Preliminary Definitions. We denote the training set for the OD task as \(\mathcal{D}=\{(x, \mathcal{Y})\}\), where \(x\in\mathbb{R}^{W\times H\times C}\) represents an image in the dataset, with dimensions \(W\times H\) and \(C\) channels. Subsequently, the object detection model aims to identify \(N\) regions of interest within these images, denoted as \(\mathcal{Y}=\{(b_i, c_i)\}_{i=1}^{N}\). Each region of interest \(b_i\) is defined by the top-left corner coordinates and the width and height of the object. Additionally, a classification label \(c_i\) is assigned to each detected object, indicating its corresponding class within the dataset. In this study, the number of input channels for the detector is fixed at three, corresponding to RGB-like inputs. In terms of optimization, the primary goal of this task is to maximize detection accuracy, often measured using the average precision (AP) metric across all classes. An OD is formally represented as the mapping \(f_{\theta}: \mathbb{R}^{W \times H \times C} \to \mathcal{Y}\), where \(\theta\) denotes the parameter vector. To train such a detector effectively, a differentiable surrogate for the AP metric, referred to as the detection cost function, \(\mathcal{C}_{det}(\theta)\), is employed. The typical structure of such a cost function involves computing the average detection loss over dataset \(\mathcal{D}\), denoted as \(\mathcal{L}_{det}\):

\[\begin{align} \mathcal{L}_{det}(\theta)=\frac{1}{|\mathcal{D}|} \sum_{(x, \boldsymbol{y}) \in \mathcal{D}} \mathcal{L}_{det}[f_\theta(x), \mathcal{Y}]. \end{align} \label{eq:detection95loss}\tag{1}\]
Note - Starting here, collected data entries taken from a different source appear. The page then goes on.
lemma cost_convex_combination:
  fixes kappa :: "real^'n^'m"
  assumes "\<forall>j. 0 < c$j" "0 \<le> eps" "0 \<le> t" "t \<le> 1"
    and XY: "feasible T X q r" "feasible T Y p s"
  shows "cost eps kappa c ((1 - t) *\<^sub>R X + t *\<^sub>R Y) ((1 - t) *\<^sub>R q + t *\<^sub>R p) ((1 - t) *\<^sub>R r + t *\<^sub>R s)
    \<le> (1 - t) * cost eps kappa c X q r + t * cost eps kappa c Y p s"
proof -
  let ?Z = "(1 - t) *\<^sub>R X + t *\<^sub>R Y" and ?o = "(1 - t) *\<^sub>R q + t *\<^sub>R p"
    and ?u = "(1 - t) *\<^sub>R r + t *\<^sub>R s"
  have transport: "(\<Sum>i\<in>UNIV. \<Sum>j\<in>UNIV. kappa$i$j * ?Z$i$j)
      \<le> (1 - t) * (\<Sum>i\<in>UNIV. \<Sum>j\<in>UNIV. kappa$i$j * X$i$j) + t * (\<Sum>i\<in>UNIV. \<Sum>j\<in>UNIV. kappa$i$j * Y$i$j)"
    by (intro sum_convex_combination_le) (simp add: algebra_simps)
  have congestion: "(\<Sum>j\<in>UNIV. beta (c$j) (?o$j))
      \<le> (1 - t) * (\<Sum>j\<in>UNIV. beta (c$j) (q$j)) + t * (\<Sum>j\<in>UNIV. beta (c$j) (p$j))"
    using assms convex_onD[OF beta_convex] by (intro sum_convex_combination_le) simp
  have "(\<Sum>i\<in>UNIV. \<Sum>j\<in>UNIV. xlog (?Z$i$j) (?u$i))
      \<le> (1 - t) * (\<Sum>i\<in>UNIV. \<Sum>j\<in>UNIV. xlog (X$i$j) (r$i)) + t * (\<Sum>i\<in>UNIV. \<Sum>j\<in>UNIV. xlog (Y$i$j) (s$i))"
    using assms feasible_entry_bounds[OF XY(1)] feasible_entry_bounds[OF XY(2)]
    by (intro sum_convex_combination_le) (simp add: xlog_convex_combination)
  then have "eps * (\<Sum>i\<in>UNIV. \<Sum>j\<in>UNIV. xlog (?Z$i$j) (?u$i))
      \<le> eps * ((1 - t) * (\<Sum>i\<in>UNIV. \<Sum>j\<in>UNIV. xlog (X$i$j) (r$i))
        + t * (\<Sum>i\<in>UNIV. \<Sum>j\<in>UNIV. xlog (Y$i$j) (s$i)))"
    using \<open>0 \<le> eps\<close> by (rule mult_left_mono)
  also have "\<dots> = (1 - t) * (eps * (\<Sum>i\<in>UNIV. \<Sum>j\<in>UNIV. xlog (X$i$j) (r$i)))
        + t * (eps * (\<Sum>i\<in>UNIV. \<Sum>j\<in>UNIV. xlog (Y$i$j) (s$i)))"
    by (simp add: algebra_simps)
  finally show ?thesis
    using transport congestion unfolding cost_def distrib_left by linarith
qed

lemma feasible_cost_convex_combination:
  fixes kappa :: "real^'n^'m"
  assumes "\<forall>j. 0 < c$j" "0 \<le> eps" "0 \<le> t" "t \<le> 1"
    and "a \<in> {cost eps kappa c X q r |X q. feasible T X q r}"
    and "b \<in> {cost eps kappa c X q s |X q. feasible T X q s}"
  shows "\<exists>z \<in> {cost eps kappa c X q ((1 - t) *\<^sub>R r + t *\<^sub>R s) |X q.
      feasible T X q ((1 - t) *\<^sub>R r + t *\<^sub>R s)}. z \<le> (1 - t) * a + t * b"
proof -
  obtain X q Y p where XY: "feasible T X q r" "feasible T Y p s"
    and ab: "a = cost eps kappa c X q r" "b = cost eps kappa c Y p s"
    using assms(5,6) by blast
  let ?Z = "(1 - t) *\<^sub>R X + t *\<^sub>R Y" and ?o = "(1 - t) *\<^sub>R q + t *\<^sub>R p"
    and ?u = "(1 - t) *\<^sub>R r + t *\<^sub>R s"
  have "feasible T ?Z ?o ?u"
    using XY assms by (intro feasible_convex_combination)
  moreover have "cost eps kappa c ?Z ?o ?u \<le> (1 - t) * a + t * b"
    unfolding ab using XY assms by (intro cost_convex_combination)
  ultimately show ?thesis
    by (intro bexI[of _ "cost eps kappa c ?Z ?o ?u"]) blast+
qed

theorem proposition4:
  fixes c :: "real^'n" and kappa :: "real^'n^'m" and rbar :: "real^'m"
    and T eps :: real
  assumes "\<forall>j. c$j > 0" and "T > 0" and "eps > 0"
    and "\<forall>i j. kappa$i$j \<ge> 0" and "\<forall>i. rbar$i > 0"
  shows "convex_on {r :: real^'m. \<forall>i. 0 \<le> r$i \<and> r$i \<le> rbar$i} (opt_cost T eps kappa c)"
  unfolding opt_cost_def
proof (rule convex_on_Inf_familyI)
  show "convex {r :: real^'m. \<forall>i. 0 \<le> r$i \<and> r$i \<le> rbar$i}"
    by (rule convex_box_cart) (simp flip: atLeastAtMost_iff)
next
  fix r :: "real^'m"
  assume "r \<in> {r. \<forall>i. 0 \<le> r$i \<and> r$i \<le> rbar$i}"
  then show "{cost eps kappa c X q r |X q. feasible T X q r} \<noteq> {}"
    using feasible_exists[of T r] \<open>T > 0\<close> by auto
  show "bdd_below {cost eps kappa c X q r |X q. feasible T X q r}"
    using cost_lower_bound[OF assms(1) _ assms(4)] \<open>eps > 0\<close>
    by (intro bdd_belowI[of _ "- eps * real CARD('n) * (\<Sum>i\<in>UNIV. r$i)"]) auto
qed (rule feasible_cost_convex_combination; use assms in auto)

end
Modality Translation Module (ModTr). Our approach primarily consists of an image-to-image translation network responsible for converting the input modality into an RGB-like space intelligible to the detector. These networks typically adopt an encoder-decoder structure to synthesize and reconstruct knowledge in a pixel-wise manner. While we employ U-Net as the translation network in this work, our framework is general and not limited by the translation architecture. In general terms, this mapping is denoted as \(h_{\vartheta}^d\colon \mathbb{R}^{W \times H \times C} \to \mathbb{R}^{W \times H \times 3}\), with a translation network assigned to each available input modality \(d\). Unlike the detection network, the number of input channels varies depending on the modality, for instance, \(C=1\) for IR and depth images. It’s important to note that, being a pixel-level architecture, the output of such a network retains the spatial resolution of the input. However, the number of output channels is consistently fixed at three, corresponding to RGB-like images.
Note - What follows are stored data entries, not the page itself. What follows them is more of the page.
theorem corollary1:
  fixes M :: "'a measure"
    and J :: nat
    and U :: "nat \<Rightarrow> 'a \<Rightarrow> real"
    and V :: "nat \<Rightarrow> nat \<Rightarrow> 'a \<Rightarrow> real"
    and lam \<sigma>a :: real
    and \<mu> \<sigma>s :: "nat \<Rightarrow> real"
  defines "\<mu>min \<equiv> Min (\<mu> ` {1..J})"
  defines "\<rho> \<equiv> lam / \<mu>min"
  defines "\<Gamma> \<equiv> (\<lambda>x. Max ({ennreal (sqrt 2 * \<sigma>a) * lil_const (\<lambda>k. U k x - 1 / lam) \<sigma>a,
                              ennreal (exp (2 * exp 1) / lam)}
                      \<union> {ennreal (sqrt 2 * \<sigma>s j) * lil_const (\<lambda>k. V j k x - 1 / \<mu> j) (\<sigma>s j) | j. j \<in> {1..J}}))"
  defines "W \<equiv> (\<lambda>n x. sojourn J (\<lambda>k. U k x) (\<lambda>j k. V j k x) n)"
  assumes M: "prob_space M"
    and J: "J \<ge> 1"
    and lam: "lam > 0" and mu: "\<forall>j\<in>{1..J}. \<mu> j > 0"
    and sa: "\<sigma>a \<ge> 0" and ss: "\<forall>j\<in>{1..J}. \<sigma>s j \<ge> 0"
    and indep: "prob_space.indep_vars M (\<lambda>_. borel)
                  (\<lambda>i. case i of Inl k \<Rightarrow> U k | Inr (j, k) \<Rightarrow> V j k)
                  (Inl ` {1..} \<union> Inr ` ({1..J} \<times> {1..}))"
    and U_meas: "\<forall>k\<ge>1. U k \<in> borel_measurable M"
    and V_meas: "\<forall>j\<in>{1..J}. \<forall>k\<ge>1. V j k \<in> borel_measurable M"
    and U_id: "\<forall>k\<ge>1. distr M borel (U k) = distr M borel (U 1)"
    and V_id: "\<forall>j\<in>{1..J}. \<forall>k\<ge>1. distr M borel (V j k) = distr M borel (V j 1)"
    and U_nonneg: "\<forall>k\<ge>1. AE x in M. U k x \<ge> 0"
    and V_nonneg: "\<forall>j\<in>{1..J}. \<forall>k\<ge>1. AE x in M. V j k x \<ge> 0"
    and U_sq: "integrable M (\<lambda>x. (U 1 x)\<^sup>2)"
    and V_sq: "\<forall>j\<in>{1..J}. integrable M (\<lambda>x. (V j 1 x)\<^sup>2)"
    and U_mean: "prob_space.expectation M (U 1) = 1 / lam"
    and V_mean: "\<forall>j\<in>{1..J}. prob_space.expectation M (V j 1) = 1 / \<mu> j"
    and U_var: "prob_space.variance M (U 1) = \<sigma>a\<^sup>2"
    and V_var: "\<forall>j\<in>{1..J}. prob_space.variance M (V j 1) = (\<sigma>s j)\<^sup>2"
    and stable: "\<rho> < 1"
  shows "(\<forall>n\<ge>1. (\<integral>\<^sup>+ x. ennreal (W n x) \<partial>M)
                 \<le> (\<integral>\<^sup>+ x. tandem_bound J lam \<rho> (\<Gamma> x) \<partial>M) + ennreal (real J / lam))
       \<and> (\<forall>(N :: 'b measure) Winf. prob_space N \<longrightarrow> Winf \<in> borel_measurable N
            \<longrightarrow> (\<forall>x\<in>space N. Winf x \<ge> 0)
            \<longrightarrow> (\<lambda>n. \<integral>\<^sup>+ x. ennreal (W n x) \<partial>M) \<longlonglongrightarrow> (\<integral>\<^sup>+ x. ennreal (Winf x) \<partial>N)
            \<longrightarrow> (\<integral>\<^sup>+ x. ennreal (Winf x) \<partial>N)
                 \<le> (\<integral>\<^sup>+ x. tandem_bound J lam \<rho> (\<Gamma> x) \<partial>M) + ennreal (real J / lam))"
proof -
  interpret prob_space M by (rule M)
  have \<Gamma>_eq: "\<Gamma> = (\<lambda>x. tandem_gamma J lam \<sigma>a \<mu> \<sigma>s (\<lambda>k. U k x) (\<lambda>j k. V j k x))"
    unfolding \<Gamma>_def tandem_gamma_def ..
  have U_degenerate: "AE x in M. \<sigma>a = 0 \<longrightarrow> (\<forall>k\<ge>1. U k x = 1 / lam)"
    by (rule AE_constant_if_variance_zero[OF U_meas U_id U_sq U_mean U_var])
  have V_degenerate: "AE x in M. \<forall>j\<in>{1..J}. \<sigma>s j = 0 \<longrightarrow> (\<forall>k\<ge>1. V j k x = 1 / \<mu> j)"
  proof (rule AE_finite_allI)
    fix j assume j: "j \<in> {1..J}"
    show "AE x in M. \<sigma>s j = 0 \<longrightarrow> (\<forall>k\<ge>1. V j k x = 1 / \<mu> j)"
      using bspec[OF V_meas j] bspec[OF V_id j] bspec[OF V_sq j] bspec[OF V_mean j] bspec[OF V_var j]
      by (rule AE_constant_if_variance_zero)
  qed simp
  have finite_time: "(\<integral>\<^sup>+ x. ennreal (W n x) \<partial>M)
      \<le> (\<integral>\<^sup>+ x. tandem_bound J lam \<rho> (\<Gamma> x) \<partial>M) + ennreal (real J / lam)" if n: "n \<ge> 1" for n
    unfolding W_def expected_sojourn_reversed[OF n indep U_meas V_meas U_id V_id] \<Gamma>_eq \<rho>_def \<mu>min_def
    using expected_reversed_sojourn_bound[OF lam J mu sa ss stable[unfolded \<rho>_def \<mu>min_def]
        U_meas V_meas U_degenerate V_degenerate] .
  then show ?thesis by (blast intro: LIMSEQ_le_const2)
qed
Unlike other image-to-image translation approaches, we drive the translation process using the aforementioned detection cost. Thus, the underlying optimization problem is formulated as \(\vartheta^* = \arg\min \mathcal{L}_{det}(\vartheta)\), incorporating the output of the composition \((f_\theta \circ h_\vartheta^d)(x)\) at the loss function level. To streamline the learning process, we utilize a residual learning strategy in which the function \(h_\vartheta^i\) focuses on capturing the small variations in the input that are necessary to solve the task. This approach is similar to the one employed on diffusion models, which served as inspiration for our work. For the sake of simplicity, we separate the fusion step from the translation mapping in our notation, as various types of fusion are investigated. Consequently, the proposed image-to-image translation loss function is defined as: \[\label{eq:hallucidet95first95step} \begin{align} \mathcal{L}_{\text{ModTr}}(x, \mathcal{Y}; \vartheta) & = \mathcal{L}_{det}[f_\theta\left(\Phi(h_\vartheta^d(x),x)\right), \mathcal{Y}], \end{align}\tag{2}\] where \(\Phi(.,.)\) is a non-parametric fusion function. Note that the output of \(h_\vartheta^d(x)\) is an RGB-like image, whereas \(x\) may only consist of a single channel, depending on the input modality. We have chosen this definition to simplify the notation, but appropriate reshaping should be performed during implementation to ensure compatibility.

In addition, note that, while a detection loss is employed to update the translation network, the weight vector \(\theta\) remains constant. This constraint is consistent with the premise of this study, where a pre-trained detector is solely available on the server side and remains unaltered. An overview of the proposed approach can be seen in 2 (b).

Fusion strategy. As previously mentioned, we utilize a non-parametric fusion of the intermediate representation \(h_\vartheta(x)\) and the original input \(x\) to simplify the learning process of the translation network. In this context, we investigate three straightforward non-parametric fusion functions inspired by previous works. The first approach involves element-wise summation, commonly used in ResNet and diffusion models. The second approach employs an element-wise product, also known as the Hadamard product, which is particularly interesting for attention mechanisms and has been explored previously for re-calibrating feature maps based on their importance [34]. The final approach is based on DenseFuse [35]; however, instead of applying it at the feature level, we apply it between the input and output of the translation network.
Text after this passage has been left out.